Dataset items
===============
lemma conn_through_cut:
  assumes "(x, y) \<in> conn T" "x \<in> V1" "T \<subseteq> E1 \<union> E2" "E1 \<subseteq> V1 \<times> V1" "E2 \<subseteq> V2 \<times> V2"
    "V1 \<inter> V2 \<subseteq> C"
  shows "(y \<in> V1 \<and> (x, y) \<in> conn (T \<inter> E1)) \<or> (\<exists>c\<in>C. (x, c) \<in> conn (T \<inter> E1))"
  using assms(1)
proof (induction rule: rtrancl_induct)
  case base
  then show ?case using assms by auto
next
  case (step y z)
  show ?case
  proof (cases "\<exists>c\<in>C. (x, c) \<in> conn (T \<inter> E1)")
    case False
    with step.IH have y: "y \<in> V1" "(x, y) \<in> conn (T \<inter> E1)" by auto
    then have "y \<notin> V2" using False assms(6) by blast
    moreover have "(y, z) \<in> T \<or> (z, y) \<in> T" using step.hyps(2) by auto
    ultimately have yz: "(y, z) \<in> T \<inter> E1 \<or> (z, y) \<in> T \<inter> E1" using assms(3,5) by blast
    then have "z \<in> V1" using assms(4) by auto
    moreover have "(x, z) \<in> conn (T \<inter> E1)" using conn_into_conn[OF y(2) yz] .
    ultimately show ?thesis by blast
  qed blast
qed

lemma spanning_trees_iff:
  "T \<in> spanning_trees V E \<longleftrightarrow> T \<subseteq> E \<and> card T = card V - 1 \<and> (\<forall>u\<in>V. \<forall>v\<in>V. (u, v) \<in> conn T)"
  unfolding spanning_trees_def by (rule mem_Collect_eq)

lemma spanning_treesI:
  assumes "T \<subseteq> E" "card T = card V - 1" "\<forall>x\<in>V. (x, a) \<in> conn T"
  shows "T \<in> spanning_trees V E"
proof -
  have "\<forall>u\<in>V. \<forall>v\<in>V. (u, v) \<in> conn T"
    using assms(3) by (meson conn_sym rtrancl_trans)
  then show ?thesis using assms(1,2) unfolding spanning_trees_iff by blast
qed

lemma spanning_trees_conn: "T \<in> spanning_trees V E \<Longrightarrow> u \<in> V \<Longrightarrow> v \<in> V \<Longrightarrow> (u, v) \<in> conn T"
  unfolding spanning_trees_iff by blast

lemma spanning_trees_card: "T \<in> spanning_trees V E \<Longrightarrow> card T = card V - 1"
  unfolding spanning_trees_iff by (elim conjE)

lemma spanning_trees_subset: "spanning_trees V E \<subseteq> Pow E"
  unfolding spanning_trees_def by auto

text \<open>Spanning forests of two trees separating a from b: with card V - 2 edges and every vertex
  joined to a or b, there are exactly two components.\<close>
definition two_forests :: "'v set \<Rightarrow> ('v \<times> 'v) set \<Rightarrow> 'v \<Rightarrow> 'v \<Rightarrow> ('v \<times> 'v) set set" where
  "two_forests V E a b = {T. T \<subseteq> E \<and> card T = card V - 2 \<and>
      (\<forall>x\<in>V. (x, a) \<in> conn T \<or> (x, b) \<in> conn T) \<and> (a, b) \<notin> conn T}"

definition forest_poly :: "'v set \<Rightarrow> ('v \<times> 'v) set \<Rightarrow> 'v \<Rightarrow> 'v \<Rightarrow> ('v \<Rightarrow> 'v \<Rightarrow> real) \<Rightarrow> real" where
  "forest_poly V E a b w = (\<Sum>T\<in>two_forests V E a b. \<Prod>(u, v)\<in>T. w u v)"

lemma two_forests_iff:
  "T \<in> two_forests V E a b \<longleftrightarrow> T \<subseteq> E \<and> card T = card V - 2 \<and>
      (\<forall>x\<in>V. (x, a) \<in> conn T \<or> (x, b) \<in> conn T) \<and> (a, b) \<notin> conn T"
  unfolding two_forests_def by (rule mem_Collect_eq)

lemma two_forests_card: "T \<in> two_forests V E a b \<Longrightarrow> card T = card V - 2"
  unfolding two_forests_iff by (elim conjE)

lemma two_forests_subset: "two_forests V E a b \<subseteq> Pow E"
  unfolding two_forests_def by auto

lemma two_forests_conn:
  "T \<in> two_forests V E a b \<Longrightarrow> x \<in> V \<Longrightarrow> (x, a) \<in> conn T \<or> (x, b) \<in> conn T"
  unfolding two_forests_iff by blast

lemma two_forests_not_conn: "T \<in> two_forests V E a b \<Longrightarrow> (a, b) \<notin> conn T"
  unfolding two_forests_iff by blast

lemma spanning_trees_Int_two_forests:
  assumes "2 \<le> card V"
  shows "spanning_trees V E \<inter> two_forests V E' a b = {}"
proof (rule equals0I)
  fix T assume T: "T \<in> spanning_trees V E \<inter> two_forests V E' a b"
  then have "card T = card V - 1" "card T = card V - 2"
    using spanning_trees_card[of T V E] two_forests_card[of T V E' a b] by auto
  then show False using assms by linarith
qed

lemma tree_poly_edge: "a \<noteq> b \<Longrightarrow> tree_poly {a, b} {(a, b)} w = w a b"
proof -
  assume ab: "a \<noteq> b"
  have "spanning_trees {a, b} {(a, b)} = {{(a, b)}}"
  proof (intro equalityI subsetI)
    fix T assume T: "T \<in> spanning_trees {a, b} {(a, b)}"
    then have "T \<subseteq> {(a, b)}" using spanning_trees_subset by blast
    then show "T \<in> {{(a, b)}}" using spanning_trees_card[OF T] ab by (auto simp: subset_singleton_iff)
  next
    have "(b, a) \<in> conn {(a, b)}" by blast
    then show "T \<in> spanning_trees {a, b} {(a, b)}" if "T \<in> {{(a, b)}}" for T
      using that ab by (auto intro!: spanning_treesI[where a = a])
  qed
  then show ?thesis unfolding tree_poly_def by simp
qed

lemma empty_in_two_forests: "a \<noteq> b \<Longrightarrow> {} \<in> two_forests {a, b} E a b"
  unfolding two_forests_iff by simp

lemma forest_poly_edge: "a \<noteq> b \<Longrightarrow> forest_poly {a, b} {(a, b)} a b w = 1"
proof -
  assume ab: "a \<noteq> b"
  have "two_forests {a, b} {(a, b)} a b = {{}}"
  proof (intro equalityI subsetI)
    fix T assume T: "T \<in> two_forests {a, b} {(a, b)} a b"
    then have "T \<subseteq> {(a, b)}" using two_forests_subset[of "{a, b}" "{(a, b)}" a b] by auto
    moreover have "card T = 0" using two_forests_card[OF T] ab by simp
    ultimately show "T \<in> {{}}" using finite_subset by fastforce
  qed (use empty_in_two_forests[OF ab] in blast)
  then show ?thesis unfolding forest_poly_def by simp
qed

lemma tree_poly_no_edges: "a \<noteq> b \<Longrightarrow> tree_poly {a, b} {} w = 0"
proof -
  assume ab: "a \<noteq> b"
  have "spanning_trees {a, b} {} = {}"
  proof (rule equals0I)
    fix T assume T: "T \<in> spanning_trees {a, b} {}"
    then have "T = {}" using spanning_trees_subset[of "{a, b}" "{}"] by auto
    moreover have "card T = 1" using spanning_trees_card[OF T] ab by simp
    ultimately show False by simp
  qed
  then show ?thesis unfolding tree_poly_def by simp
qed

lemma forest_poly_no_edges: "a \<noteq> b \<Longrightarrow> forest_poly {a, b} {} a b w = 1"
proof -
  assume ab: "a \<noteq> b"
  have "T = {}" if "T \<in> two_forests {a, b} {} a b" for T
    using that two_forests_subset[of "{a, b}" "{}" a b] by auto
  then have "two_forests {a, b} {} a b = {{}}" using empty_in_two_forests[OF ab] by blast
  then show ?thesis unfolding forest_poly_def by simp
qed

section \<open>Series and parallel composition\<close>

lemma two_forests_commute: "two_forests V E a b = two_forests V E b a"
  unfolding two_forests_def by (auto dest: conn_sym)
lemma star_maximal_power_sum_truncate_le:
  assumes "finite L" "0 < p" "0 \<le> a" "\<And>i. i \<in> L \<Longrightarrow> 0 \<le> b i" "star_mean L a b \<le> a"
    and "i\<^sub>0 \<in> L" "a < b i\<^sub>0"
  shows "star_maximal_power_sum L p a b
    \<le> star_maximal_power_sum L p a (\<lambda>i. min (b i) a) + (\<Sum>i\<in>L. b i powr p - min (b i) a powr p)
      + (real (card L) - 1) * (star_mean L a b powr p - star_mean L a (\<lambda>i. min (b i) a) powr p)"
proof -
  define A A' D where "A = star_mean L a b" and "A' = star_mean L a (\<lambda>i. min (b i) a)"
    and "D = A powr p - A' powr p"
  have "A' \<le> A" unfolding A_def A'_def by (rule star_mean_mono) simp
  moreover have "0 \<le> A'" unfolding A'_def using assms(3,4) by (intro star_mean_nonneg) auto
  ultimately have "0 \<le> D" using assms(2) by (simp add: D_def powr_mono2)
  have "(\<Sum>i\<in>L. if b i \<le> a then D else 0) = (\<Sum>i\<in>L - {i\<^sub>0}. if b i \<le> a then D else 0)"
    using assms(1,6,7) by (simp add: sum.remove)
  also have "\<dots> \<le> real (card (L - {i\<^sub>0})) * D"
    using \<open>0 \<le> D\<close> by (intro sum_bounded_above) auto
  also have "real (card (L - {i\<^sub>0})) = real (card L) - 1"
  proof -
    have "1 \<le> card L" using assms(1,6) by (auto simp: Suc_le_eq card_gt_0_iff)
    then show ?thesis using assms(1,6) by (simp add: of_nat_diff)
  qed
  finally have count: "(\<Sum>i\<in>L. if b i \<le> a then D else 0) \<le> (real (card L) - 1) * D" .
  have "(\<Sum>i\<in>L. max (max (b i) ((a + b i) / 2)) A powr p)
      \<le> (\<Sum>i\<in>L. max (max (min (b i) a) ((a + min (b i) a) / 2)) A' powr p
          + (b i powr p - min (b i) a powr p) + (if b i \<le> a then D else 0))"
    unfolding D_def using assms(4,5)
    by (intro sum_mono max_powr_truncate_le[OF assms(2) \<open>0 \<le> A'\<close> \<open>A' \<le> A\<close>]) (auto simp: A_def)
  moreover have "max a A = max a A'" using \<open>A' \<le> A\<close> assms(5) by (simp add: A_def)
  ultimately show ?thesis using count
    by (simp add: star_maximal_power_sum_def sum.distrib A_def A'_def D_def)
qed

lemma star_maximal_power_sum_constant_leaves:
  assumes "finite L" "0 \<le> x" "x \<le> 1" "\<And>i. i \<in> L \<Longrightarrow> b i = x"
  shows "star_maximal_power_sum L p 1 b = 1 + real (card L) * ((x + 1) / 2) powr p"
proof -
  define m A where "m = real (card L)" and "A = star_mean L 1 b"
  have A_eq: "A = (1 + m * x) / (m + 1)" using assms(4) by (simp add: A_def m_def star_mean_def)
  also have "\<dots> \<le> (1 + m) / (m + 1)"
    using assms by (intro divide_right_mono) (auto simp: m_def mult_left_le)
  finally have "A \<le> 1" by (simp add: m_def add.commute)
  have leaf: "max (max (b i) ((1 + b i) / 2)) A powr p = ((x + 1) / 2) powr p" if "i \<in> L" for i
  proof -
    have "1 \<le> m" using that assms(1) by (auto simp: m_def Suc_le_eq card_gt_0_iff)
    then have "0 \<le> (m - 1) * (1 - x)" using assms by simp
    then have "2 * (1 + m * x) \<le> (1 + x) * (m + 1)" by (simp add: algebra_simps)
    then have "A \<le> (1 + x) / 2" unfolding A_eq using \<open>1 \<le> m\<close> by (simp add: field_simps)
    then show ?thesis using assms(3) assms(4)[OF that] by (simp add: add.commute)
  qed
  show ?thesis using \<open>A \<le> 1\<close>
    by (simp add: star_maximal_power_sum_def A_def[symmetric] m_def leaf)
qed

section \<open>The upper bound\<close>

text \<open>The upper bound needs only that \<open>C\<close> dominates the ratio attained by the test functions
\<open>(1, x, \<dots>, x)\<close>.\<close>

locale star_bound =
  fixes L :: "'a set" and p C :: real
  assumes finite_L: "finite L" and two_le_card_L: "2 \<le> card L"
    and one_less_p: "1 < p" and p_le_2: "p \<le> 2"
    and ratio_le_C: "\<And>x. 0 \<le> x \<Longrightarrow> x < 1 \<Longrightarrow>
      1 + real (card L) * ((x + 1) / 2) powr p \<le> C * (1 + real (card L) * x powr p)"
begin

abbreviation power_sum :: "real \<Rightarrow> ('a \<Rightarrow> real) \<Rightarrow> real" where
  "power_sum a b \<equiv> a powr p + (\<Sum>i\<in>L. b i powr p)"

lemma C_ge_half_powr: "1 + real (card L) * (1 / 2) powr p \<le> C"
  using ratio_le_C[of 0] one_less_p by simp

lemma C_ge_quarter: "1 + real (card L) / 4 \<le> C"
  using C_ge_half_powr mult_left_mono[OF quarter_le_half_powr[OF p_le_2], of "real (card L)"]
  by simp

lemma one_le_C: "1 \<le> C"
proof -
  have "0 \<le> real (card L) / 4" by simp
  then show ?thesis using C_ge_quarter by linarith
qed

lemma midpoint_powr_le:
  assumes "0 \<le> \<beta>" "\<beta> \<le> a"
  shows "((a + \<beta>) / 2) powr p \<le> C * \<beta> powr p + (C - 1) / real (card L) * a powr p"
proof (cases "\<beta> = a")
  case True
  have "0 \<le> (C - 1) / real (card L) * a powr p" using one_le_C by simp
  then show ?thesis
    using True mult_right_mono[OF one_le_C, of "a powr p"] by simp
next
  case False
  then have "0 < a" using assms by simp
  define x where "x = \<beta> / a"
  have "0 \<le> x" "x < 1" using assms \<open>0 < a\<close> False by (auto simp: x_def)
  from ratio_le_C[OF this] two_le_card_L
  have "((x + 1) / 2) powr p \<le> C * x powr p + (C - 1) / real (card L)"
    by (simp add: field_simps)
  from mult_left_mono[OF this, of "a powr p"]
  have "a powr p * ((x + 1) / 2) powr p \<le> a powr p * (C * x powr p + (C - 1) / real (card L))"
    by simp
  moreover have "a powr p * ((x + 1) / 2) powr p = ((a + \<beta>) / 2) powr p"
  proof -
    have "a * ((x + 1) / 2) = (a + \<beta>) / 2" using \<open>0 < a\<close> by (simp add: x_def field_simps)
    then show ?thesis using \<open>0 < a\<close> \<open>0 \<le> x\<close> by (simp add: powr_mult[symmetric])
  qed
  moreover have "a powr p * x powr p = \<beta> powr p"
    using \<open>0 < a\<close> assms(1) by (simp add: powr_mult[symmetric] x_def)
  ultimately show ?thesis by (simp add: algebra_simps)
qed

lemma bound_capped_midpoints_above_mean:
  assumes "\<And>i. i \<in> L \<Longrightarrow> 0 \<le> b i" "\<And>i. i \<in> L \<Longrightarrow> b i \<le> a"
    and "{i \<in> L. (a + b i) / 2 < star_mean L a b} = {}"
  shows "star_maximal_power_sum L p a b \<le> C * power_sum a b"
proof -
  have "star_maximal_power_sum L p a b = a powr p + (\<Sum>i\<in>L. ((a + b i) / 2) powr p)"
    using star_maximal_power_sum_capped[OF finite_L assms(2) assms(3)[symmetric]] by simp
  also have "\<dots> \<le> a powr p + (\<Sum>i\<in>L. C * b i powr p + (C - 1) / real (card L) * a powr p)"
    using assms(1,2) by (intro add_left_mono sum_mono midpoint_powr_le) auto
  also have "\<dots> = a powr p + C * (\<Sum>i\<in>L. b i powr p) + (C - 1) * a powr p"
    using two_le_card_L by (simp add: sum.distrib sum_distrib_left)
  also have "\<dots> = C * power_sum a b" by (simp add: algebra_simps)
  finally show ?thesis .
qed
(* Assume (A7). Consider Algorithm 2 with parameter choice (P2) and with $\rho>0$ small enough that $2\rho^2\|(A^TA)^2\|<1$. Then there is a constant $C_1>0$ (independent of $s$, $k$, $S$, $K$) such that for every stage $s\ge1$ and every inner iteration $k$ of that stage, $$\|x^{k+1}-x^k\|\le\frac{C_1}{\sqrt s}.$$
   Context: Standing setup. Let $n,m,p,q,r,l\ge1$. For $j\in\{1,\dots,m\}$ let $g_j:\mathbb R^q\to\mathbb R^r$ be continuously differentiable with Jacobian $\partial g_j(x)\in\mathbb R^{r\times q}$; for $i\in\{1,\dots,n\}$ let $f_i:\mathbb R^r\to\mathbb R$ be continuously differentiable. Set $g(x)=\frac1m\sum_{j=1}^m g_j(x)$, $F_i(x)=f_i(g(x))$, $F(x)=\frac1n\sum_{i=1}^nF_i(x)$. Let $R:\mathbb R^l\to\mathbb R$ be closed convex, $A\in\mathbb R^{p\times q}$, $B\in\mathbb R^{p\times l}$. $\|\cdot\|$ is the Euclidean norm on vectors and spectral norm on matrices; for positive definite $H$, $\|x\|_H^2=x^THx$. Assumption (A7). The gradients of all $f_i$ and $F_i$, the Jacobians of all $g_j$, and the subgradients of $R$ are uniformly bounded, with $\|\nabla F_i(x)\|\le C_F$ for all $i,x$; $B$ is square and invertible. Algorithm 2 (inputs: integers $S,K\ge1$, $\rho>0$, stepsizes $\eta_s>0$, matrices $G_k$ per stage as below; initial $\tilde x^0=\hat x^0$, $\hat\omega^0$, $\hat\lambda^0$, $\hat G^0=I$). For $s=1,\dots,S$: set $\tilde x=\tilde x^{s-1}$, $x^0=\hat x^{s-1}$, $\omega^0=\hat\omega^{s-1}$, $\lambda^0=\hat\lambda^{s-1}$, $G_0=\hat G^{s-1}$; compute $g(\tilde x)$, $\nabla F(\tilde x)$. For $k=0,\dots,K-1$: (a) $\omega^{k+1}\in\arg\min_\omega R(\omega)+\langle\lambda^k,B\omega\rangle+\frac\rho2\|Ax^k+B\omega\|^2$; (b) compute $g(x^k)$ exactly; (c) draw $i_k$ uniform on $\{1,\dots,n\}$ and $j_k$ uniform on $\{1,\dots,m\}$, independently, and set $\nabla\hat F_{i_k}(x^k)=(\partial g_{j_k}(x^k))^T\nabla f_{i_k}(g(x^k))-(\partial g_{j_k}(\tilde x))^T\nabla f_{i_k}(g(\tilde x))+\nabla F(\tilde x)$; (d) $x^{k+1}=\arg\min_x\langle\nabla\hat F_{i_k}(x^k),x-x^k\rangle+\langle\lambda^k,Ax\rangle+\frac\rho2\|Ax+B\omega^{k+1}\|^2+\frac1{2\eta_s}\|x-x^k\|_{G_k}^2$; (e) $\lambda^{k+1}=\lambda^k+\rho(Ax^{k+1}+B\omega^{k+1})$. End of stage $s$: $\tilde x^s=\frac1K\sum_{k=1}^Kx^k$, $\tilde\omega^s=\frac1K\sum_{k=1}^K\omega^k$, $\hat x^s=x^K$, $\hat\omega^s=\omega^K$, $\hat\lambda^s=\lambda^K$, $\hat G^s=G_K$. Parameter choice (P2): $\eta_s=\frac1{s+1}$, and in stage $s$ the matrices $G_0,\dots,G_K$ are scalar multiples of the identity with $\frac1{\sqrt s}I=G_0\succeq G_1\succeq\dots\succeq G_{K-1}=G_K=\frac1{\sqrt{s+1}}I$. *)

theory Defs
  imports "HOL-Analysis.Analysis"
begin

definition specnorm :: "real^'n^'m \<Rightarrow> real" where
  "specnorm M = onorm (\<lambda>v. M *v v)"

definition is_subgradient :: "(real^'l \<Rightarrow> real) \<Rightarrow> real^'l \<Rightarrow> real^'l \<Rightarrow> bool" where
  "is_subgradient R w \<xi> \<longleftrightarrow> (\<forall>v. R w + \<xi> \<bullet> (v - w) \<le> R v)"

definition closed_convex_fun :: "(real^'l \<Rightarrow> real) \<Rightarrow> bool" where
  "closed_convex_fun R \<longleftrightarrow> convex_on UNIV R \<and> closed {p. R (fst p) \<le> snd p}"

definition g_avg :: "nat \<Rightarrow> (nat \<Rightarrow> real^'q \<Rightarrow> real^'r) \<Rightarrow> real^'q \<Rightarrow> real^'r" where
  "g_avg m g x = (1 / real m) *\<^sub>R (\<Sum>j<m. g j x)"

definition Jg_avg :: "nat \<Rightarrow> (nat \<Rightarrow> real^'q \<Rightarrow> real^'q^'r) \<Rightarrow> real^'q \<Rightarrow> real^'q^'r" where
  "Jg_avg m Jg x = (1 / real m) *\<^sub>R (\<Sum>j<m. Jg j x)"

text \<open>Gradient of F_i = f_i o g (chain rule): (dg(x))^T grad f_i(g(x)).\<close>
definition gradFi :: "nat \<Rightarrow> (nat \<Rightarrow> real^'q \<Rightarrow> real^'r) \<Rightarrow> (nat \<Rightarrow> real^'q \<Rightarrow> real^'q^'r)
    \<Rightarrow> (nat \<Rightarrow> real^'r \<Rightarrow> real^'r) \<Rightarrow> nat \<Rightarrow> real^'q \<Rightarrow> real^'q" where
  "gradFi m g Jg gf i x = transpose (Jg_avg m Jg x) *v gf i (g_avg m g x)"

definition gradF :: "nat \<Rightarrow> nat \<Rightarrow> (nat \<Rightarrow> real^'q \<Rightarrow> real^'r) \<Rightarrow> (nat \<Rightarrow> real^'q \<Rightarrow> real^'q^'r)
    \<Rightarrow> (nat \<Rightarrow> real^'r \<Rightarrow> real^'r) \<Rightarrow> real^'q \<Rightarrow> real^'q" where
  "gradF n m g Jg gf x = (1 / real n) *\<^sub>R (\<Sum>i<n. gradFi m g Jg gf i x)"

text \<open>Reference point of stage s: tilde x^{s-1}; tilde x^0 = hat x^0 = x(1,0),
  tilde x^s = (1/K) sum_{k=1..K} x(s,k).\<close>
definition xtil :: "(nat \<Rightarrow> nat \<Rightarrow> real^'q) \<Rightarrow> nat \<Rightarrow> nat \<Rightarrow> real^'q" where
  "xtil x K s = (if s = 0 then x 1 0 else (1 / real K) *\<^sub>R (\<Sum>k\<in>{1..K}. x s k))"

definition eta :: "nat \<Rightarrow> real" where
  "eta s = 1 / (real s + 1)"

definition grad_est :: "nat \<Rightarrow> nat \<Rightarrow> (nat \<Rightarrow> real^'q \<Rightarrow> real^'r) \<Rightarrow> (nat \<Rightarrow> real^'q \<Rightarrow> real^'q^'r)
    \<Rightarrow> (nat \<Rightarrow> real^'r \<Rightarrow> real^'r) \<Rightarrow> real^'q \<Rightarrow> nat \<Rightarrow> nat \<Rightarrow> real^'q \<Rightarrow> real^'q" where
  "grad_est n m g Jg gf xt i j xk =
     transpose (Jg j xk) *v gf i (g_avg m g xk)
   - transpose (Jg j xt) *v gf i (g_avg m g xt)
   + gradF n m g Jg gf xt"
===============
Instructions for the task: Every line above from the line with "using spanning_trees_card[of T V" to the line with "finite_subset by fastforce" is wanted, ends included; write them out exactly and add no other line.

Reply to the exercise:
    using spanning_trees_card[of T V E] two_forests_card[of T V E' a b] by auto
  then show False using assms by linarith
qed

lemma tree_poly_edge: "a \<noteq> b \<Longrightarrow> tree_poly {a, b} {(a, b)} w = w a b"
proof -
  assume ab: "a \<noteq> b"
  have "spanning_trees {a, b} {(a, b)} = {{(a, b)}}"
  proof (intro equalityI subsetI)
    fix T assume T: "T \<in> spanning_trees {a, b} {(a, b)}"
    then have "T \<subseteq> {(a, b)}" using spanning_trees_subset by blast
    then show "T \<in> {{(a, b)}}" using spanning_trees_card[OF T] ab by (auto simp: subset_singleton_iff)
  next
    have "(b, a) \<in> conn {(a, b)}" by blast
    then show "T \<in> spanning_trees {a, b} {(a, b)}" if "T \<in> {{(a, b)}}" for T
      using that ab by (auto intro!: spanning_treesI[where a = a])
  qed
  then show ?thesis unfolding tree_poly_def by simp
qed

lemma empty_in_two_forests: "a \<noteq> b \<Longrightarrow> {} \<in> two_forests {a, b} E a b"
  unfolding two_forests_iff by simp

lemma forest_poly_edge: "a \<noteq> b \<Longrightarrow> forest_poly {a, b} {(a, b)} a b w = 1"
proof -
  assume ab: "a \<noteq> b"
  have "two_forests {a, b} {(a, b)} a b = {{}}"
  proof (intro equalityI subsetI)
    fix T assume T: "T \<in> two_forests {a, b} {(a, b)} a b"
    then have "T \<subseteq> {(a, b)}" using two_forests_subset[of "{a, b}" "{(a, b)}" a b] by auto
    moreover have "card T = 0" using two_forests_card[OF T] ab by simp
    ultimately show "T \<in> {{}}" using finite_subset by fastforce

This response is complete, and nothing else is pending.